PROBLEM TO WORK ON:
Take each line of the data that contains the string "mathbb" and copy it.

ENTRIES SHOWN:
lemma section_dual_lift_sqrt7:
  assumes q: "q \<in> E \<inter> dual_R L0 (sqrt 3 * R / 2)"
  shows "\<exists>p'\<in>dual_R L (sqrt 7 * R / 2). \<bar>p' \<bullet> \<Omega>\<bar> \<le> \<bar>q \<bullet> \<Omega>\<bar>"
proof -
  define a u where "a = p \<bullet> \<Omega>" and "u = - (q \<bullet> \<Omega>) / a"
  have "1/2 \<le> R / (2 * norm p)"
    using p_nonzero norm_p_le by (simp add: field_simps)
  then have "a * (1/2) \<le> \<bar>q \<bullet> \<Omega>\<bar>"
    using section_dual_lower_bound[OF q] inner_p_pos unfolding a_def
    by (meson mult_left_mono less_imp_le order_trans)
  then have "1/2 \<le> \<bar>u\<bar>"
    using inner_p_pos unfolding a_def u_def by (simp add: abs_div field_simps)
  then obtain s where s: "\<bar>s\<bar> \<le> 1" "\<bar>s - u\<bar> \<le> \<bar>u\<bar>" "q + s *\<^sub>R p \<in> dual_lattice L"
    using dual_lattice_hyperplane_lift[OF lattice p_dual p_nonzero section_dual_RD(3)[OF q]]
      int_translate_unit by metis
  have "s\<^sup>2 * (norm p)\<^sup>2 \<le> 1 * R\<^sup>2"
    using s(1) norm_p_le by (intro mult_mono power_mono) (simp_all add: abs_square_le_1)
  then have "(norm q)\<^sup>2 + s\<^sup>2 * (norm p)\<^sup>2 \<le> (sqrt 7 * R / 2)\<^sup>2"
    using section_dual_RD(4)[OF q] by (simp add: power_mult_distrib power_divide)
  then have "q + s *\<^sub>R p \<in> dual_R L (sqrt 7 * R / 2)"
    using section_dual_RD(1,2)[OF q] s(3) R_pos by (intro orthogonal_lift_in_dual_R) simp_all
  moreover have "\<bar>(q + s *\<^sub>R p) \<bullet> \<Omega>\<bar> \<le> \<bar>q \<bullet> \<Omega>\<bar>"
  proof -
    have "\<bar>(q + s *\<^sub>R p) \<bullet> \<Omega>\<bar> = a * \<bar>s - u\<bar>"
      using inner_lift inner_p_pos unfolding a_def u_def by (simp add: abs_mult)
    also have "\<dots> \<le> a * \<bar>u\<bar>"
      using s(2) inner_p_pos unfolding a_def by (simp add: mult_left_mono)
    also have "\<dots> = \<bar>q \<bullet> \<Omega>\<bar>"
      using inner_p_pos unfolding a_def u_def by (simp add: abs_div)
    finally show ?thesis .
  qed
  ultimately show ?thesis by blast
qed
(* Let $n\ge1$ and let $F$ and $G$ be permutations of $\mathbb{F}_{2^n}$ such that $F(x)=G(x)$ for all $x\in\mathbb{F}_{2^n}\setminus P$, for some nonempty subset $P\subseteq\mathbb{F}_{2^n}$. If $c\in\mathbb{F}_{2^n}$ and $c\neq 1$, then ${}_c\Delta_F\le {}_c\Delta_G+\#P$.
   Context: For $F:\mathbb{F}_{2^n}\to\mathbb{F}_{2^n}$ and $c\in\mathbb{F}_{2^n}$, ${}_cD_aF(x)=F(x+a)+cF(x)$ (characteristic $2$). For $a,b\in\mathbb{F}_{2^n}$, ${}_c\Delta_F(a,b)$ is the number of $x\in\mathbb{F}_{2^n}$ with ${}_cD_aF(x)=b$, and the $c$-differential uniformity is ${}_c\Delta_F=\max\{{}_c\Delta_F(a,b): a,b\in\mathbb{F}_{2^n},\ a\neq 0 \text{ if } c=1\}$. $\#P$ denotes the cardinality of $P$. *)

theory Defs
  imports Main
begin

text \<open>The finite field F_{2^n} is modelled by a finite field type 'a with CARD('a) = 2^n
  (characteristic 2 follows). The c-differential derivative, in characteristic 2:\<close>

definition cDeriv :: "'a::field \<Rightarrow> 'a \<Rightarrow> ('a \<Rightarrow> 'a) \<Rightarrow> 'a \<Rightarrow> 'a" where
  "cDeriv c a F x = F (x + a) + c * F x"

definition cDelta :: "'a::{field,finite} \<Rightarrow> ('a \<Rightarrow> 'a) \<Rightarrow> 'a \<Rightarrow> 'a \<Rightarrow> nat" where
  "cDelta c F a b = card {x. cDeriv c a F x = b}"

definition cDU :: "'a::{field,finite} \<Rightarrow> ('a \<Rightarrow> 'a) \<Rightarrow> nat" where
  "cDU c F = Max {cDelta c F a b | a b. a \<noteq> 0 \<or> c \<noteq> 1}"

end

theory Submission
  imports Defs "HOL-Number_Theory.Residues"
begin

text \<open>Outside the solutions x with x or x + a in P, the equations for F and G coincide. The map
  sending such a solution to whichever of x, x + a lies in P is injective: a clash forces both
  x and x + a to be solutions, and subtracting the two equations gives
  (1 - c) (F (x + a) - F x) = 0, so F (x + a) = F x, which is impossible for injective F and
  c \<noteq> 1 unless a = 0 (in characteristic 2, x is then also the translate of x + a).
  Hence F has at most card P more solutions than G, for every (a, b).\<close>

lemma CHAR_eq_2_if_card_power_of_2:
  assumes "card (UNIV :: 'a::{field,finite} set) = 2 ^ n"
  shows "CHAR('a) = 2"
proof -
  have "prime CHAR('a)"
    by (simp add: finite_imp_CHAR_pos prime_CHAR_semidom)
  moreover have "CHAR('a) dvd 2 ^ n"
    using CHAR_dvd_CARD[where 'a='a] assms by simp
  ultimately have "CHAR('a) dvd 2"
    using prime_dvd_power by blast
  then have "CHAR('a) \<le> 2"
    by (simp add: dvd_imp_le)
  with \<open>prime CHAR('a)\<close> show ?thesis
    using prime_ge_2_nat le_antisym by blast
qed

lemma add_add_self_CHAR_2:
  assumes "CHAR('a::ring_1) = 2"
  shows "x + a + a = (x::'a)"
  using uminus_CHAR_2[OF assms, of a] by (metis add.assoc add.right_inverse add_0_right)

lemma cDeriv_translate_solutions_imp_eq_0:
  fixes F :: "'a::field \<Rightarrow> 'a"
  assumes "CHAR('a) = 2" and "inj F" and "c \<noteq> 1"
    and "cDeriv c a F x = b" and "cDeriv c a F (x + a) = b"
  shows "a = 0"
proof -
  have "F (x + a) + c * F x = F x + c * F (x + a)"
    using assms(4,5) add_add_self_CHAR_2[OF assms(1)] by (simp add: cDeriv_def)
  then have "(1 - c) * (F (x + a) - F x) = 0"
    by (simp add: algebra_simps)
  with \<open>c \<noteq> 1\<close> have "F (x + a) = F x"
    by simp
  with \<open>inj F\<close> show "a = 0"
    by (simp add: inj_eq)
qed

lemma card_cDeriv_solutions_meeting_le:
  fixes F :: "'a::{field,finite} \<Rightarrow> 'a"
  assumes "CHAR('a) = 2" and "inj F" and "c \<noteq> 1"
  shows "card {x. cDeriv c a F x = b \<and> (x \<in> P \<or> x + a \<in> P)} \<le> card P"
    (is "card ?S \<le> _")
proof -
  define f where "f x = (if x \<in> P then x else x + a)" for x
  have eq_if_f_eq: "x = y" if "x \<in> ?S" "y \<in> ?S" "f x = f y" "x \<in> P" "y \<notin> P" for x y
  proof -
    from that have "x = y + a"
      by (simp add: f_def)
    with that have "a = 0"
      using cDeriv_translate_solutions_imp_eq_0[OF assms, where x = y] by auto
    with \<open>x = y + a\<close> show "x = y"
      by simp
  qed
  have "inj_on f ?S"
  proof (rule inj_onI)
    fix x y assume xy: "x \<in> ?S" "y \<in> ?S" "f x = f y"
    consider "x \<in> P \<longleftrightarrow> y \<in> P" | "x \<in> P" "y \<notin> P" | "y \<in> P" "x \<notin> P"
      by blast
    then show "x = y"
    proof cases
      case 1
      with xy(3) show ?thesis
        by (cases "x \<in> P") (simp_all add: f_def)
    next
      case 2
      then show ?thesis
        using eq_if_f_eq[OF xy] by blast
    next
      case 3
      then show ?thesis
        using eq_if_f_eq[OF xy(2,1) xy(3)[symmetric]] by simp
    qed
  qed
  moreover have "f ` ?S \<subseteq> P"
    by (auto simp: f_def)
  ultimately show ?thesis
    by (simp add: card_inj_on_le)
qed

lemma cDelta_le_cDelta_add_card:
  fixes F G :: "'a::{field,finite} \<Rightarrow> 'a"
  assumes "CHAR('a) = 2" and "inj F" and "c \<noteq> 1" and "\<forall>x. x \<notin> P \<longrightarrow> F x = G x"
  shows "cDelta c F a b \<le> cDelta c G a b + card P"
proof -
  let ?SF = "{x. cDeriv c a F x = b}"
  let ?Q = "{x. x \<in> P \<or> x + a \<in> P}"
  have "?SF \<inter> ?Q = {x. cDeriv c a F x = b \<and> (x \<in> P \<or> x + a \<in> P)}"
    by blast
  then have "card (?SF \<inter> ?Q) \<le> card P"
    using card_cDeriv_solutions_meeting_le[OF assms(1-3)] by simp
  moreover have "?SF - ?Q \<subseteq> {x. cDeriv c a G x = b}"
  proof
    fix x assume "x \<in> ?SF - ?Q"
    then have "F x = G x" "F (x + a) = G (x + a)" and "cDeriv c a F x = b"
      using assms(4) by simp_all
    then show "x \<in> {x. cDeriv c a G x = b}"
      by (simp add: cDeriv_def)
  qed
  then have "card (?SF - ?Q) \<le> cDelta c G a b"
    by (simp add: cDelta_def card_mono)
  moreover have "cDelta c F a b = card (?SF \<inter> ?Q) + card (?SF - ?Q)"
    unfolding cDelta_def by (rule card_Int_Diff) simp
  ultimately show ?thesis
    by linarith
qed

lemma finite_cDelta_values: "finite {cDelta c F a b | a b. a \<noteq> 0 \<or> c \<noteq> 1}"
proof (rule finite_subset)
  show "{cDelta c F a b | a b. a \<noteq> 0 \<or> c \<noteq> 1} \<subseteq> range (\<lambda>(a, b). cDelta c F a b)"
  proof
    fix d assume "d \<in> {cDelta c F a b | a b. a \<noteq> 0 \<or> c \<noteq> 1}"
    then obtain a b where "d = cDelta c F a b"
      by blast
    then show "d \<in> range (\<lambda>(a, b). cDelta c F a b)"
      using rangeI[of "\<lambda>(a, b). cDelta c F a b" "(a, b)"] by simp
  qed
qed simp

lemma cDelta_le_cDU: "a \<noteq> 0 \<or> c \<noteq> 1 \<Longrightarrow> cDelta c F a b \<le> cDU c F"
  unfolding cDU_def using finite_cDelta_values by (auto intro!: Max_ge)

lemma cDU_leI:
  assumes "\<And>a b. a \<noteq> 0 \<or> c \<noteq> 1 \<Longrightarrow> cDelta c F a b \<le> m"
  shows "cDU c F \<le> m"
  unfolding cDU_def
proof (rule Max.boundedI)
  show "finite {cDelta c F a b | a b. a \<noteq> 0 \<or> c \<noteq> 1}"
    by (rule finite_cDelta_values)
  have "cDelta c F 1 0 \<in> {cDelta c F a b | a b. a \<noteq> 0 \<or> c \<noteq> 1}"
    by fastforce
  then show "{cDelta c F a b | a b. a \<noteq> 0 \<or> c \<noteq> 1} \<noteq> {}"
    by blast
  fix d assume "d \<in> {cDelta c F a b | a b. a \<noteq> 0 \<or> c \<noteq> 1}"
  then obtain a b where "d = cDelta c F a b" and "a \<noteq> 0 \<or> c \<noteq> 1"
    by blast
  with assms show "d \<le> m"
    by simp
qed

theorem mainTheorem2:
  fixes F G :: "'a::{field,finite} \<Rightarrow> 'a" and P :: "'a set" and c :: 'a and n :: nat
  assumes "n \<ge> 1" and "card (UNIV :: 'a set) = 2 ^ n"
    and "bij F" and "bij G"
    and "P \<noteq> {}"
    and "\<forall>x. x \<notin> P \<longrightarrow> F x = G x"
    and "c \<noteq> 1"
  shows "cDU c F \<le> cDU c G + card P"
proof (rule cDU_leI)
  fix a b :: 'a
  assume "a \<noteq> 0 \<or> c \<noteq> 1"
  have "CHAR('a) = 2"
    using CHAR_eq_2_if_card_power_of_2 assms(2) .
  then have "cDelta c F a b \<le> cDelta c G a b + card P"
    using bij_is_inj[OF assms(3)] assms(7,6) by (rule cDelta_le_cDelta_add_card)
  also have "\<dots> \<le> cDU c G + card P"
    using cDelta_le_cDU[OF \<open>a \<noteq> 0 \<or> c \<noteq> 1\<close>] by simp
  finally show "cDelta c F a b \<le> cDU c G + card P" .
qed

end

THE COMPLETED TASK:
(* Let $n\ge1$ and let $F$ and $G$ be permutations of $\mathbb{F}_{2^n}$ such that $F(x)=G(x)$ for all $x\in\mathbb{F}_{2^n}\setminus P$, for some nonempty subset $P\subseteq\mathbb{F}_{2^n}$. If $c\in\mathbb{F}_{2^n}$ and $c\neq 1$, then ${}_c\Delta_F\le {}_c\Delta_G+\#P$.
   Context: For $F:\mathbb{F}_{2^n}\to\mathbb{F}_{2^n}$ and $c\in\mathbb{F}_{2^n}$, ${}_cD_aF(x)=F(x+a)+cF(x)$ (characteristic $2$). For $a,b\in\mathbb{F}_{2^n}$, ${}_c\Delta_F(a,b)$ is the number of $x\in\mathbb{F}_{2^n}$ with ${}_cD_aF(x)=b$, and the $c$-differential uniformity is ${}_c\Delta_F=\max\{{}_c\Delta_F(a,b): a,b\in\mathbb{F}_{2^n},\ a\neq 0 \text{ if } c=1\}$. $\#P$ denotes the cardinality of $P$. *)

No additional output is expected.